## Activity:
In the listing below, find the line with "V p \<longleftrightarrow>" and the line with "(\<exists>(A :: real". Repeat those two lines and all lines between them exactly.

## Provided data:
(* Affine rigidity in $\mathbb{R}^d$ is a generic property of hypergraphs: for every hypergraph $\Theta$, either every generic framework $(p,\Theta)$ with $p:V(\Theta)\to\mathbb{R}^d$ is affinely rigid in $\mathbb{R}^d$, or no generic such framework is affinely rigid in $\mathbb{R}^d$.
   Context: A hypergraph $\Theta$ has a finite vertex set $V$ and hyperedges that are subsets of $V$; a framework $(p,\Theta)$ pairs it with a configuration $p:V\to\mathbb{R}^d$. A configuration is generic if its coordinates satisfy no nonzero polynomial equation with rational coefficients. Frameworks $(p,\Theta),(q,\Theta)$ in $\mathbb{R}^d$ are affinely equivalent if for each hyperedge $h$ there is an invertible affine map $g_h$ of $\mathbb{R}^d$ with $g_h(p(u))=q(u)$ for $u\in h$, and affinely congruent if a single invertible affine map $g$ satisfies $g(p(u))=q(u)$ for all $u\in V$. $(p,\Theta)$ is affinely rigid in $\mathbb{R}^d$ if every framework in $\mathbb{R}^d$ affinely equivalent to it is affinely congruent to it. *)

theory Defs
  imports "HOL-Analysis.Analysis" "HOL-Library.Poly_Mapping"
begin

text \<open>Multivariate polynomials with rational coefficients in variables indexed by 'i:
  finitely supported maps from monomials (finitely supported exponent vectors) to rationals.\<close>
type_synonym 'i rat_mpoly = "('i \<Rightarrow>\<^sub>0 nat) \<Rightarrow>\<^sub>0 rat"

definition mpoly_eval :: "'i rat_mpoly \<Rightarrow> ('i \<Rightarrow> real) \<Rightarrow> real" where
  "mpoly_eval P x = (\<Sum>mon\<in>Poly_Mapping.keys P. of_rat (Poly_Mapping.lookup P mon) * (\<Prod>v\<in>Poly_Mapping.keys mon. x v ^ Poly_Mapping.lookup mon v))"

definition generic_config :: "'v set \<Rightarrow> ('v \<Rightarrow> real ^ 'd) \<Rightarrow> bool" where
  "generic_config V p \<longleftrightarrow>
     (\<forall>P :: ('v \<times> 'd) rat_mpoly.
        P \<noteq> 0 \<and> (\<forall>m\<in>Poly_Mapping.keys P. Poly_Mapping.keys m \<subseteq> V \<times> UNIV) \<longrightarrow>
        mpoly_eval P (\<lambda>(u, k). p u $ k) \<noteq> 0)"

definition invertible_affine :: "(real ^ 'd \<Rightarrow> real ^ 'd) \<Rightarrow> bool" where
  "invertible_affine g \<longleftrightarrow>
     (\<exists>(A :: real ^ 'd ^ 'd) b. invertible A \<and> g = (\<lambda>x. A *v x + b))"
--
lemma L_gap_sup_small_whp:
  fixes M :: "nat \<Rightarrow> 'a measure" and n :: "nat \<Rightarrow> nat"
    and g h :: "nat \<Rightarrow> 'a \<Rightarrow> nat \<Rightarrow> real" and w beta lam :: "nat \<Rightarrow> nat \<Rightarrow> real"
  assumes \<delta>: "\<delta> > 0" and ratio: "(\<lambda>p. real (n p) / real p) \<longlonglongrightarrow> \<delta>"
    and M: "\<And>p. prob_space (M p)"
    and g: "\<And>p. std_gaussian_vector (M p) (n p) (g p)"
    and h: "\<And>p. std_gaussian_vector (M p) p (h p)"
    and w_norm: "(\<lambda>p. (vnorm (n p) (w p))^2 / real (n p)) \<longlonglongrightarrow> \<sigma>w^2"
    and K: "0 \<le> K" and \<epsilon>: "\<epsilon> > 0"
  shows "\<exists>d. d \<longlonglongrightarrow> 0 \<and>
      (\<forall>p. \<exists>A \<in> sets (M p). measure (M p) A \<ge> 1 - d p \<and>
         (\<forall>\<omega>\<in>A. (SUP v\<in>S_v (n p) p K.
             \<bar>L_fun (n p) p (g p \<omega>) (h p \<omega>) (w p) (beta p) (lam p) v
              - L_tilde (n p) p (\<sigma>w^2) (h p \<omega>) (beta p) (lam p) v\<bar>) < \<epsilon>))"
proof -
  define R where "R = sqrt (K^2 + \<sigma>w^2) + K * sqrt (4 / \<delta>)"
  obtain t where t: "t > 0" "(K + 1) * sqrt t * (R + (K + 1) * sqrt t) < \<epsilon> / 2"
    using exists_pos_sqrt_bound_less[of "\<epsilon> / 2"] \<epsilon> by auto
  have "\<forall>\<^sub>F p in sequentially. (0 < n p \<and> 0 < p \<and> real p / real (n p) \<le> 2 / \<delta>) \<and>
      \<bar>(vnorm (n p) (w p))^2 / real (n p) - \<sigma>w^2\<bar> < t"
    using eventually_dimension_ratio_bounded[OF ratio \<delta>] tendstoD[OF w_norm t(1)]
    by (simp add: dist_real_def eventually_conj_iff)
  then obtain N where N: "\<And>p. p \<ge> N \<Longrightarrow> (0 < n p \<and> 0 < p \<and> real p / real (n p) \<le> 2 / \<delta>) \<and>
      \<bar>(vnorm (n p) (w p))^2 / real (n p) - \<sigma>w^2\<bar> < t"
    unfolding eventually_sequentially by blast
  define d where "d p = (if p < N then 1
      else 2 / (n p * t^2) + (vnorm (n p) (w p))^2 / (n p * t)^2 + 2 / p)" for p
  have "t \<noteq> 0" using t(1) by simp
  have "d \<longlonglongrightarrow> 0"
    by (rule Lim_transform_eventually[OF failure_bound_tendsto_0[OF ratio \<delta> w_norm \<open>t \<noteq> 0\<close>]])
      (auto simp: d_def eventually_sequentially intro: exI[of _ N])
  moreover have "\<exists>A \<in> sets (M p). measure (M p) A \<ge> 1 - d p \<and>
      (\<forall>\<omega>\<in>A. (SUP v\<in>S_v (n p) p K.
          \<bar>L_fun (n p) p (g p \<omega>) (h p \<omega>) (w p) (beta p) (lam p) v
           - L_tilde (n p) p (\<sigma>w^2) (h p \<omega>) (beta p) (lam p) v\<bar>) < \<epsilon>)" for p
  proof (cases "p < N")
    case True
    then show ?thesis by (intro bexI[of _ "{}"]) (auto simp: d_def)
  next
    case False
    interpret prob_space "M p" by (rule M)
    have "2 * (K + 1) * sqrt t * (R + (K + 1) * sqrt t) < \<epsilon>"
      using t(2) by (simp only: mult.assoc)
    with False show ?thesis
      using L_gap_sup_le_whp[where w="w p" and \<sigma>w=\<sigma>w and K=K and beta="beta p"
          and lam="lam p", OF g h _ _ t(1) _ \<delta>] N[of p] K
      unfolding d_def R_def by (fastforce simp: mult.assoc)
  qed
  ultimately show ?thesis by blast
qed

## Output of the task:
  "generic_config V p \<longleftrightarrow>
     (\<forall>P :: ('v \<times> 'd) rat_mpoly.
        P \<noteq> 0 \<and> (\<forall>m\<in>Poly_Mapping.keys P. Poly_Mapping.keys m \<subseteq> V \<times> UNIV) \<longrightarrow>
        mpoly_eval P (\<lambda>(u, k). p u $ k) \<noteq> 0)"

definition invertible_affine :: "(real ^ 'd \<Rightarrow> real ^ 'd) \<Rightarrow> bool" where
  "invertible_affine g \<longleftrightarrow>
     (\<exists>(A :: real ^ 'd ^ 'd) b. invertible A \<and> g = (\<lambda>x. A *v x + b))"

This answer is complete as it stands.